TASK
Give back the entries exactly, ending with the "by (subst (1 2)" line.

(Stored items)
lemma mpoly_eval_add: "mpoly_eval h \<chi> (p + q) = mpoly_eval h \<chi> p + mpoly_eval h \<chi> q"
proof -
  let ?S = "keys p \<union> keys q"
  have "mpoly_eval h \<chi> (p + q) = (\<Sum>m\<in>?S. h (lookup (p + q) m) * \<chi> m)"
    using keys_add[of p q] by (intro mpoly_eval_superset) auto
  also have "\<dots> = (\<Sum>m\<in>?S. h (lookup p m) * \<chi> m) + (\<Sum>m\<in>?S. h (lookup q m) * \<chi> m)"
    by (simp add: lookup_add hom_add distrib_right sum.distrib)
  also have "\<dots> = mpoly_eval h \<chi> p + mpoly_eval h \<chi> q"
    by (subst (1 2) mpoly_eval_superset[symmetric]) auto
  finally show ?thesis .
qed

lemma mpoly_eval_sum: "mpoly_eval h \<chi> (sum f A) = (\<Sum>x\<in>A. mpoly_eval h \<chi> (f x))"
  by (induction A rule: infinite_finite_induct) (auto simp: mpoly_eval_add)

lemma mpoly_eval_single: "mpoly_eval h \<chi> (single m a) = h a * \<chi> m"
  by (subst mpoly_eval_superset[of "{m}"]) auto

lemma mpoly_eval_mult: "mpoly_eval h \<chi> (p * q) = mpoly_eval h \<chi> p * mpoly_eval h \<chi> q"
proof -
  have "p * q = (\<Sum>m\<in>keys p. \<Sum>n\<in>keys q. single m (lookup p m) * single n (lookup q n))"
    by (subst (1) poly_mapping_sum_single, subst (2) poly_mapping_sum_single) (rule sum_product)
  then have "mpoly_eval h \<chi> (p * q)
      = (\<Sum>m\<in>keys p. \<Sum>n\<in>keys q. h (lookup p m) * \<chi> m * (h (lookup q n) * \<chi> n))"
    by (simp add: mpoly_eval_sum mult_single mpoly_eval_single hom_mult \<chi>_add ac_simps)
  also have "\<dots> = mpoly_eval h \<chi> p * mpoly_eval h \<chi> q"
    by (simp add: mpoly_eval_def sum_product)
  finally show ?thesis .
qed

lemma comm_ring_hom_mpoly_eval: "comm_ring_hom (mpoly_eval h \<chi>)"
  by unfold_locales
    (auto simp: mpoly_eval_add mpoly_eval_mult mpoly_eval_single[of 0 1, simplified] hom_one \<chi>_zero)

end

section \<open>Absence of zero divisors\<close>

text \<open>Renaming the variables injectively into \<open>nat\<close> embeds the ring into one whose monomials
  are linearly ordered, for which the library already provides the \<open>idom\<close> instance.\<close>

definition rename_mon :: "('v::finite \<Rightarrow> nat) \<Rightarrow> ('v \<Rightarrow>\<^sub>0 nat) \<Rightarrow> (nat \<Rightarrow>\<^sub>0 nat)" where
  "rename_mon idx m = (\<Sum>v\<in>UNIV. single (idx v) (lookup m v))"
lemma finite_bd_simp_cx:
  fixes L :: "'v set set"
  shows "finite_bd (simp_cx L ix)"
  unfolding finite_bd_def
proof
  fix \<sigma> :: "'v set"
  have "{\<sigma> - {v} | v. v \<in> \<sigma> \<and> 2 \<le> card \<sigma>} \<subseteq> (\<lambda>v. \<sigma> - {v}) ` {v\<in>\<sigma>. 2 \<le> card \<sigma>}"
    by auto
  \<comment> \<open>An infinite \<sigma> has card \<sigma> = 0 and hence no faces.\<close>
  moreover have "finite {v\<in>\<sigma>. 2 \<le> card \<sigma>}"
    using card.infinite by (cases "finite \<sigma>") auto
  ultimately show "finite (bd (simp_cx L ix) \<sigma>)"
    by (auto simp: simp_cx_def intro: finite_surj)
qed

lemma morse_idx_eq:
  assumes "morse_decomposition K V P le M" "p \<in> P" "\<sigma> \<in> M p"
  shows "morse_idx P M \<sigma> = p"
  unfolding morse_idx_def
proof (rule the_equality)
  show "\<And>q. q \<in> P \<and> \<sigma> \<in> M q \<Longrightarrow> q = p"
    using assms unfolding morse_decomposition_def by blast
qed (use assms in blast)

lemma morse_idx_mem:
  assumes "morse_decomposition K V P le M" "\<sigma> \<in> K"
  shows "morse_idx P M \<sigma> \<in> P \<and> \<sigma> \<in> M (morse_idx P M \<sigma>)"
proof -
  obtain p where "p \<in> P" "\<sigma> \<in> M p"
    using assms unfolding morse_decomposition_def by blast
  then show ?thesis
    using assms(1) morse_idx_eq by metis
qed

lemma morse_idx_preimage:
  assumes "morse_decomposition K V P le M" "Q \<subseteq> P"
  shows "{\<sigma>\<in>K. morse_idx P M \<sigma> \<in> Q} = \<Union>(M ` Q)"
proof -
  have "\<Union>(M ` P) = K"
    using assms(1) by (simp add: morse_decomposition_def)
  then show ?thesis
    using assms morse_idx_eq morse_idx_mem by fastforce
qed

theorem proposition12:
  fixes K :: "'v set set" and V :: "'v set set set" and P :: "'p set"
    and le :: "'p \<Rightarrow> 'p \<Rightarrow> bool" and M :: "'p \<Rightarrow> 'v set set"
    and Cb :: "('b, 'p) bcx" and f :: "'v set \<Rightarrow> real" and fP :: "'p \<Rightarrow> real"
    and ps :: "'p list"
  assumes "simplicial_complex K"
    and "multivector_field K V"
    and "morse_decomposition K V P le M"
    and "conley_complex P le (simp_cx K (morse_idx P M)) Cb"
    and "lyapunov P le M f fP"
    and "f_compatible P le fP ps"
  shows "\<forall>n::int.
      hpm_iso (length ps) n (\<lambda>i. sub_cx Cb ps i) (\<lambda>i. sub_cx (simp_cx K (morse_idx P M)) ps i)
    \<and> hpm_iso (length ps) n (\<lambda>i. sub_cx (simp_cx K (morse_idx P M)) ps i)
                           (\<lambda>i. simp_cx (Kpre M ps i) (\<lambda>_. ()))"
proof
  fix n :: int
  let ?SK = "simp_cx K (morse_idx P M)"
  have "pfcc P le Cb" "fhtpy_equiv le ?SK Cb"
    using assms(4) by (simp_all add: conley_complex_def)
  then obtain \<phi> \<psi> where equiv: "fchain_equiv le Cb ?SK \<psi> \<phi>"
    by (auto simp: fhtpy_equiv_iff dest: fchain_equiv_sym)
  have "finite_bd Cb" "idx Cb ` bas Cb \<subseteq> P"
    using \<open>pfcc P le Cb\<close> by (auto simp: pfcc_def finite_bd_def)
  moreover have "idx ?SK ` bas ?SK \<subseteq> P"
    using morse_idx_mem[OF assms(3)] by (auto simp: simp_cx_def)
  moreover have prefix: "down_closed P le (set (take (Suc i) ps))" "set (take (Suc i) ps) \<subseteq> P" for i
    using assms(6) f_compatible_down_closed_take by (auto simp: f_compatible_def dest: in_set_takeD)
  moreover have "set (take (Suc i) ps) \<subseteq> set (take (Suc (Suc i)) ps)" for i
    by (simp add: set_take_subset_set_take)
  ultimately have "hpm_iso (length ps) n (\<lambda>i. sub_cx Cb ps i) (\<lambda>i. sub_cx ?SK ps i)" (is ?Conley)
    unfolding sub_cx_eq_restrict_cx
    by (intro hpm_iso_fchain_equiv[OF fchain_equiv_restrict_cx[OF equiv]])
      (simp_all add: finite_bd_restrict_cx finite_bd_simp_cx boundaries_restrict_cx_mono)
  moreover have "hpm_iso (length ps) n (\<lambda>i. sub_cx ?SK ps i) (\<lambda>i. simp_cx (Kpre M ps i) (\<lambda>_. ()))"
    (is ?simplicial)
    using morse_idx_preimage[OF assms(3) prefix(2)]
    by (intro hpm_iso_same_chains) (simp add: Kpre_def sub_cx_def simp_cx_def)
  ultimately show "?Conley \<and> ?simplicial" ..
qed
(* Let $c>0$ and let $\nu,\tilde\nu$ be probability measures on $\mathbb R_+$, both different from $\boldsymbol d_0$, and let $\mu$ be the probability measure defined below. Then $$\mu(\{0\})=1-\min\bigl[\,1-\nu(\{0\}),\ c^{-1}(1-\tilde\nu(\{0\}))\,\bigr].$$
   Context: $\mathbb C_+=\{z:\Im z>0\}$, $\boldsymbol d_0$ is the Dirac mass at $0$. For $z\in\mathbb C_+$, the system $\delta = c\int \frac{t}{-z(1+\tilde\delta t)}\nu(dt)$, $\tilde\delta=\int\frac{t}{-z(1+\delta t)}\tilde\nu(dt)$ has a unique solution $(\delta(z),\tilde\delta(z))\in\mathbb C_+^2$, and $m(z)=\int\frac{1}{-z(1+\tilde\delta(z)t)}\nu(dt)$ is the Stieltjes transform $\int\frac{1}{t-z}\mu(dt)$ of a unique probability measure $\mu$ on $\mathbb R_+$. *)

theory Defs
  imports "HOL-Probability.Probability"
begin

definition C_plus :: "complex set" where
  "C_plus = {z. Im z > 0}"

definition prob_on_Rplus :: "real measure \<Rightarrow> bool" where
  "prob_on_Rplus M \<longleftrightarrow> prob_space M \<and> sets M = sets borel \<and> measure M {..<0} = 0"

definition stieltjes :: "real measure \<Rightarrow> complex \<Rightarrow> complex" where
  "stieltjes M z = (\<integral>t. 1 / (complex_of_real t - z) \<partial>M)"

definition solves_system ::
  "real \<Rightarrow> real measure \<Rightarrow> real measure \<Rightarrow> (complex \<Rightarrow> complex) \<Rightarrow> (complex \<Rightarrow> complex) \<Rightarrow> bool" where
  "solves_system c \<nu> \<nu>' \<delta> \<delta>' \<longleftrightarrow>
     (\<forall>z\<in>C_plus. \<delta> z \<in> C_plus \<and> \<delta>' z \<in> C_plus \<and>
        \<delta> z = complex_of_real c *
          (\<integral>t. complex_of_real t / (- z * (1 + \<delta>' z * complex_of_real t)) \<partial>\<nu>) \<and>
        \<delta>' z = (\<integral>t. complex_of_real t / (- z * (1 + \<delta> z * complex_of_real t)) \<partial>\<nu>'))"

definition m_fun :: "real measure \<Rightarrow> (complex \<Rightarrow> complex) \<Rightarrow> complex \<Rightarrow> complex" where
  "m_fun \<nu> \<delta>' z = (\<integral>t. 1 / (- z * (1 + \<delta>' z * complex_of_real t)) \<partial>\<nu>)"

end

theory Submission
  imports Defs
begin

text \<open>
  Let \<open>z = \<i> y\<close> with \<open>y \<down> 0\<close>, \<open>u = \<delta>' z\<close>, \<open>v = \<delta> z\<close>, and \<open>F\<^sub>M w = \<integral> 1 / (1 + w t) dM\<close>
  (\<open>inv_mean\<close>). Then \<open>-z m(z) = F\<^sub>\<nu> u\<close> tends to \<open>\<mu>{0}\<close>, and the system gives the conservation law
  \<open>c (1 - F\<^sub>\<nu> u) = 1 - F\<^bsub>\<nu>'\<^esub> v\<close>, both sides being equal to \<open>-z u v\<close>.
  As \<open>Re (F\<^sub>M w) \<ge> M{0}\<close> for \<open>Re w \<ge> 0\<close>, in the limit \<open>1 - \<mu>{0} \<le> 1 - \<nu>{0}\<close> and
  \<open>c (1 - \<mu>{0}) \<le> 1 - \<nu>'{0}\<close>. If both were strict, \<open>Re (F\<^sub>M w)\<close> would stay a fixed amount
  above \<open>M{0}\<close>; since \<open>F\<^sub>M w \<rightarrow> M{0}\<close> as \<open>|w| \<rightarrow> \<infinity>\<close>, \<open>u\<close> and \<open>v\<close> would stay bounded.
  But \<open>y Im v = c Re \<integral> t / (1 + u t) d\<nu>\<close>, which for bounded \<open>u\<close> is bounded below by a
  positive constant because \<open>\<nu> \<noteq> \<delta>\<^sub>0\<close>, contradicting \<open>y \<rightarrow> 0\<close>.
\<close>

definition inv_mean :: "real measure \<Rightarrow> complex \<Rightarrow> complex" where
  "inv_mean M w = (\<integral>t. 1 / (1 + w * complex_of_real t) \<partial>M)"

definition frac_mean :: "real measure \<Rightarrow> complex \<Rightarrow> complex" where
  "frac_mean M w = (\<integral>t. complex_of_real t / (1 + w * complex_of_real t) \<partial>M)"

definition tail_mass :: "real measure \<Rightarrow> real \<Rightarrow> real" where
  "tail_mass M r = (\<integral>t. indicator {0<..} t * min 1 (1 / (r * t)) \<partial>M)"

lemma norm_one_plus_mult_ge_1:
  fixes w :: complex and t :: real
  assumes "Re w \<ge> 0" "t \<ge> 0"
  shows "1 \<le> cmod (1 + w * of_real t)"
proof -
  have "1 \<le> Re (1 + w * of_real t)" using assms by simp
  also have "\<dots> \<le> cmod (1 + w * of_real t)" by (rule complex_Re_le_cmod)
  finally show ?thesis .
qed

lemma norm_one_plus_mult_ge:
  fixes w :: complex and t :: real
  assumes "Re w \<ge> 0" "t \<ge> 0"
  shows "cmod w * t \<le> cmod (1 + w * of_real t)"
proof -
  have "(cmod w * t)^2 = (Re w * t)^2 + (Im w * t)^2"
    by (simp add: cmod_def power_mult_distrib algebra_simps)
  also have "\<dots> \<le> (1 + Re w * t)^2 + (Im w * t)^2"
    using assms by (simp add: power_mono)
  also have "\<dots> = (cmod (1 + w * of_real t))^2"
    by (simp add: cmod_def)
  finally show ?thesis using assms by (simp add: power2_le_iff_abs_le abs_le_iff)
qed

lemma norm_one_plus_mult_le:
  fixes w :: complex and t :: real
  assumes "t \<ge> 0"
  shows "cmod (1 + w * of_real t) \<le> 1 + cmod w * t"
  using norm_triangle_ineq[of 1 "w * of_real t"] assms by (simp add: norm_mult)

lemma Re_inv_one_plus_mult_le:
  fixes w :: complex and t :: real
  assumes "Re w \<ge> 0" "w \<noteq> 0" "t \<ge> 0"
  shows "Re (1 / (1 + w * of_real t))
           \<le> indicator {0} t + indicator {0<..} t * min 1 (1 / (cmod w * t))"
proof (cases "t = 0")
  case False
  then have "cmod w * t > 0" using assms by simp
  moreover have "Re (1 / (1 + w * of_real t)) \<le> 1 / cmod (1 + w * of_real t)"
    using complex_Re_le_cmod[of "1 / (1 + w * of_real t)"] by (simp add: norm_divide)
  ultimately show ?thesis
    using False assms norm_one_plus_mult_ge[of w t] norm_one_plus_mult_ge_1[of w t]
    by (auto simp: divide_le_eq field_simps order.trans)
qed simp
lemma Lag_stationary_F_iff:
  assumes N: "1 \<le> hor p" and k: "k < hor p"
    and M: "pd (state_moment p S k)" and sym_P: "symm (P k)"
  shows "((\<lambda>G. Lag p \<gamma> S (F(k := G)) P lam) has_derivative (\<lambda>_. 0)) (at (F k))
    \<longleftrightarrow> transpose inr_mat ** P k ** stackI (F k) = 0"
proof -
  define Mk where "Mk = state_moment p S k"
  define K where "K = Mk ** transpose (stackI (F k)) ** P k ** inr_mat"
  define P22 where "P22 = transpose inr_mat ** P k ** inr_mat"
  have sM: "transpose Mk = Mk" and iM: "invertible Mk"
    using M pd_imp_invertible unfolding Mk_def pd_def by blast+
  have sP: "transpose (P k) = P k"
    using sym_P by (simp add: symm_def)
  have expand: "Lag p \<gamma> S (F(k := F k + H)) P lam
      = Lag p \<gamma> S (F(k := F k)) P lam + 2 * trace (H ** K) + trace (H ** Mk ** transpose H ** P22)" for H
    unfolding Lag_fun_upd_F[OF N k] Mk_def[symmetric]
    using trace_stackI_congruence_add[OF sM sP] by (simp add: K_def P22_def)
  have "K = 0 \<longleftrightarrow> transpose K = 0"
    by (metis transpose_iff transpose_zero)
  also have "\<dots> \<longleftrightarrow> transpose inr_mat ** P k ** stackI (F k) ** Mk = 0"
    by (simp add: K_def matrix_transpose_mul sM sP matrix_mul_assoc)
  finally have K0: "K = 0 \<longleftrightarrow> transpose inr_mat ** P k ** stackI (F k) = 0"
    by (simp add: matrix_mult_invertible_eq_0_iff[OF iM])
  show ?thesis
  proof
    assume stat: "((\<lambda>G. Lag p \<gamma> S (F(k := G)) P lam) has_derivative (\<lambda>_. 0)) (at (F k))"
    have "2 * trace (H ** K) = 0" for H
      by (rule has_derivative_zero_imp_line_coeff_zero[OF stat,
            where h = H and c = "trace (H ** Mk ** transpose H ** P22)"])
         (simp_all add: expand trace_scaleR_mult trace_congruence_scaleR mult.left_commute)
    then have "K = 0"
      by (intro trace_mult_orthogonal_eq_0) simp
    then show "transpose inr_mat ** P k ** stackI (F k) = 0"
      using K0 by simp
  next
    assume "transpose inr_mat ** P k ** stackI (F k) = 0"
    then have "Lag p \<gamma> S (F(k := G)) P lam = Lag p \<gamma> S (F(k := F k)) P lam
        + trace ((G - F k) ** Mk ** transpose (G - F k) ** P22)" for G
      using K0 expand[of "G - F k"] by simp
    then show "((\<lambda>G. Lag p \<gamma> S (F(k := G)) P lam) has_derivative (\<lambda>_. 0)) (at (F k))"
      by (intro has_derivative_zero_if_bilinear_remainder[OF bilinear_trace_congruence])
  qed
qed

lemma Lag_grad_S_eq_Plam_diff:
  assumes adm: "weights_admissible p" and lam: "0 \<le> lam" and k: "k < hor p"
    and next_stage: "Suc k < hor p \<Longrightarrow> F (Suc k) = Flam p lam (Suc k) \<and> P (Suc k) = Plam p lam (Suc k)"
  shows "Lag_grad_S p lam F P k = Plam p lam k - P k"
proof -
  have "(if k = hor p - 1 then cQf p + lam *\<^sub>R tQf p
         else transpose (stackI (F (Suc k))) ** P (Suc k) ** stackI (F (Suc k)))
        = Xlam p lam (Suc k)"
  proof (cases "k = hor p - 1")
    case True
    then show ?thesis using k by (simp add: Xlam_def)
  next
    case False
    then have "Suc k < hor p" using k by simp
    with False show ?thesis
      using next_stage Xlam_eq_stackI_congruence[OF adm lam _ psd_Xlam[OF adm lam]] by simp
  qed
  then show ?thesis
    unfolding Lag_grad_S_def Plam_eq by simp
qed
lemma dist_picard_le: "dist (picard z0 v t) (picard z0 w t) \<le> dist v w / 2"
proof -
  define c where "c = max a t"
  define d where "d = dist v w"
  have ac: "a \<le> c" and d: "d \<ge> 0" and wt: "weight t = exp (2 * L * (c - a))"
    by (auto simp: c_def d_def weight_def)
  have K: "2 * L > 0" using lipschitz_constant_pos by simp
  have exp_int: "((\<lambda>s. L * d * exp (2 * L * (s - a)))
      has_integral L * d * ((exp (2 * L * (c - a)) - 1) / (2 * L))) {a..c}"
    by (intro has_integral_mult_right exp_affine_has_integral K ac)
  have "norm (integral {a..c} (\<lambda>s. weighted_field v s - weighted_field w s))
      \<le> integral {a..c} (\<lambda>s. L * d * exp (2 * L * (s - a)))"
  proof (rule integral_norm_bound_integral)
    show "(\<lambda>s. weighted_field v s - weighted_field w s) integrable_on {a..c}"
      by (intro integrable_diff weighted_field_integrable)
    show "(\<lambda>s. L * d * exp (2 * L * (s - a))) integrable_on {a..c}"
      using exp_int by blast
    fix s assume s: "s \<in> {a..c}"
    have "\<bar>weighted_field v s - weighted_field w s\<bar> \<le> L * \<bar>weight s * v s - weight s * w s\<bar>"
      unfolding weighted_field_def using s by (intro lipschitz_field) auto
    also have "\<dots> = L * weight s * \<bar>v s - w s\<bar>"
      using weight_pos[of s] lipschitz_constant_pos by (simp add: right_diff_distrib[symmetric] abs_mult)
    also have "\<dots> \<le> L * weight s * d"
      using dist_bounded[of v s w] weight_pos[of s] lipschitz_constant_pos
      by (intro mult_left_mono) (auto simp: d_def dist_real_def)
    finally show "norm (weighted_field v s - weighted_field w s) \<le> L * d * exp (2 * L * (s - a))"
      using s by (simp add: weight_def mult.commute mult.left_commute)
  qed
  also have "\<dots> = L * d * ((exp (2 * L * (c - a)) - 1) / (2 * L))"
    using exp_int by blast
  also have "\<dots> \<le> L * d * (exp (2 * L * (c - a)) / (2 * L))"
    using lipschitz_constant_pos d by (intro mult_left_mono divide_right_mono) auto
  also have "\<dots> = d / 2 * weight t"
    using lipschitz_constant_pos by (simp add: wt)
  finally have "\<bar>integral {a..c} (\<lambda>s. weighted_field v s - weighted_field w s) / weight t\<bar> \<le> d / 2"
    using weight_pos[of t] by (simp add: abs_divide divide_le_eq)
  moreover have "picard z0 v t - picard z0 w t
      = integral {a..c} (\<lambda>s. weighted_field v s - weighted_field w s) / weight t"
    unfolding picard_def c_def
    by (simp add: integral_diff[OF weighted_field_integrable weighted_field_integrable] diff_divide_distrib add_divide_distrib)
  ultimately show ?thesis by (simp add: dist_real_def d_def)
qed

theorem solution_exists:
  "\<exists>u. u a = z0 \<and> (\<forall>t\<ge>a. (u has_real_derivative F t (u t)) (at t within {a..}))"
proof -
  define T where "T v = Bcontfun (picard z0 v)" for v
  have T: "apply_bcontfun (T v) = picard z0 v" for v
    by (simp add: T_def Bcontfun_inverse picard_in_bcontfun)
  have "dist (T v) (T w) \<le> 1/2 * dist v w" for v w
    by (rule dist_bound) (use dist_picard_le in \<open>simp add: T\<close>)
  then obtain v where "T v = v"
    using banach_fix_type[of "1/2" T] by auto
  then have v: "picard z0 v t = v t" for t
    using T by metis
  define u where "u t = weight t * v t" for t
  have "weighted_field v = (\<lambda>s. F s (u s))"
    by (simp add: weighted_field_def u_def fun_eq_iff)
  then have u: "u t = z0 + integral {a..t} (\<lambda>s. F s (u s))" if "a \<le> t" for t
    using v[of t] that weight_pos[of t] by (simp add: u_def picard_def field_simps)
  have "continuous_on {a..} (\<lambda>s. F s (u s))"
    unfolding u_def
    by (intro continuous_on_field continuous_intros continuous_on_weight continuous_on_apply_bcontfun)
  then have "((\<lambda>y. z0 + integral {a..y} (\<lambda>s. F s (u s))) has_real_derivative F t (u t)) (at t within {a..})"
    if "a \<le> t" for t
    using integral_atLeast_has_real_derivative that by (auto intro!: derivative_eq_intros)
  then have "(u has_real_derivative F t (u t)) (at t within {a..})" if "a \<le> t" for t
    by (rule has_field_derivative_transform_within[where d=1]) (use that u in auto)
  moreover have "u a = z0" using u[of a] by simp
  ultimately show ?thesis by blast
qed
(* In the setting described in the context, let $\mu$ be the probability distribution on $\overline{\mathbb{R}}$ of the almost surely defined limit $\zeta=\lim_{m\to\infty}z_m$. Then $$\mu=\tfrac13\big((\tau_1)_*\mu+(\tau_2)_*\mu+(\tau_3)_*\mu\big),$$ where $(\tau_i)_*\mu$ is the pushforward of $\mu$ under $\tau_i|_{\overline{\mathbb{R}}}\colon\overline{\mathbb{R}}\to\overline{\mathbb{R}}$.
   Context: Let $\mathbb{H}=\{z\in\mathbb{C}:\operatorname{Im}z>0\}$ be the Poincaré upper half-plane (metric $(dx^2+dy^2)/y^2$), $\overline{\mathbb{R}}=\mathbb{R}\cup\{\infty\}$, and $\overline{\mathbb{H}}=\mathbb{H}\cup\overline{\mathbb{R}}$ (a closed disk). A (hyperbolic) line is a set $\{z\in\mathbb{H}:\operatorname{Re}z=x\}$ or $\{z\in\mathbb{H}:|z-x|=r\}$ with $x\in\mathbb{R}$, $r>0$; its reflection $t_L$ is $t_L(z)=2x-\bar z$, resp. $t_L(z)=r^2/(\bar z-x)+x$, extended continuously to $\overline{\mathbb{H}}$. Fix lines $L_1,L_2,L_3\subseteq\mathbb{H}$ and $z_0\in\mathbb{H}$ such that for all distinct $i,i'\in\{1,2,3\}$ either (a) $L_i\cap L_{i'}=\emptyset$ and $z_0$ lies in the connected component of $\mathbb{H}\setminus(L_i\cup L_{i'})$ whose boundary contains both lines, or (b) $L_i,L_{i'}$ meet at an angle of measure $\pi/m(i,i')$ with $m(i,i')\ge2$ an integer, and $z_0$ lies in the interior of that angle. Let $s_i=t_{L_i}$, let $W$ be the group generated by $S=\{s_1,s_2,s_3\}$, and let $\ell$ be the word length with respect to $S$. The one-way reflection $\tau_i\colon\overline{\mathbb{H}}\to\overline{\mathbb{H}}$ is $\tau_i(z)=s_i(z)$ if $z$ and $z_0$ are on the same side of $L_i$ and $\tau_i(z)=z$ otherwise; it is continuous. Let $i_1,i_2,\ldots$ be independent uniform random elements of $\{1,2,3\}$ and $z_m=(\tau_{i_1}\circ\cdots\circ\tau_{i_m})(z_0)$ (equivalently $z_m=u_m(z_0)$ where $u_0=1$, $u_{m+1}=u_ms_{i_{m+1}}$ if $\ell(u_ms_{i_{m+1}})>\ell(u_m)$ and $u_{m+1}=u_m$ otherwise). It is known that $z_m$ converges almost surely to a limit $\zeta\in\overline{\mathbb{R}}$. *)

theory Defs
  imports "HOL-Probability.Probability"
begin

text \<open>Points of the closed disk Hbar = H \<union> R \<union> {\<infinity>} are represented as
  values of type complex option: Some z (with Im z \<ge> 0) is the finite point z,
  None is the point \<infinity>.\<close>

definition Hbar :: "complex option set" where
  "Hbar = insert None (Some ` {z. Im z \<ge> 0})"

definition Rbar :: "complex option set" where
  "Rbar = insert None (Some ` {z. Im z = 0})"

definition Rbar_M :: "complex option measure" where
  "Rbar_M = sigma Rbar (insert {None} ((\<lambda>B. Some ` B) ` {B \<in> sets borel. B \<subseteq> {z. Im z = 0}}))"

EXPECTED OUTPUT
lemma mpoly_eval_add: "mpoly_eval h \<chi> (p + q) = mpoly_eval h \<chi> p + mpoly_eval h \<chi> q"
proof -
  let ?S = "keys p \<union> keys q"
  have "mpoly_eval h \<chi> (p + q) = (\<Sum>m\<in>?S. h (lookup (p + q) m) * \<chi> m)"
    using keys_add[of p q] by (intro mpoly_eval_superset) auto
  also have "\<dots> = (\<Sum>m\<in>?S. h (lookup p m) * \<chi> m) + (\<Sum>m\<in>?S. h (lookup q m) * \<chi> m)"
    by (simp add: lookup_add hom_add distrib_right sum.distrib)
  also have "\<dots> = mpoly_eval h \<chi> p + mpoly_eval h \<chi> q"
    by (subst (1 2) mpoly_eval_superset[symmetric]) auto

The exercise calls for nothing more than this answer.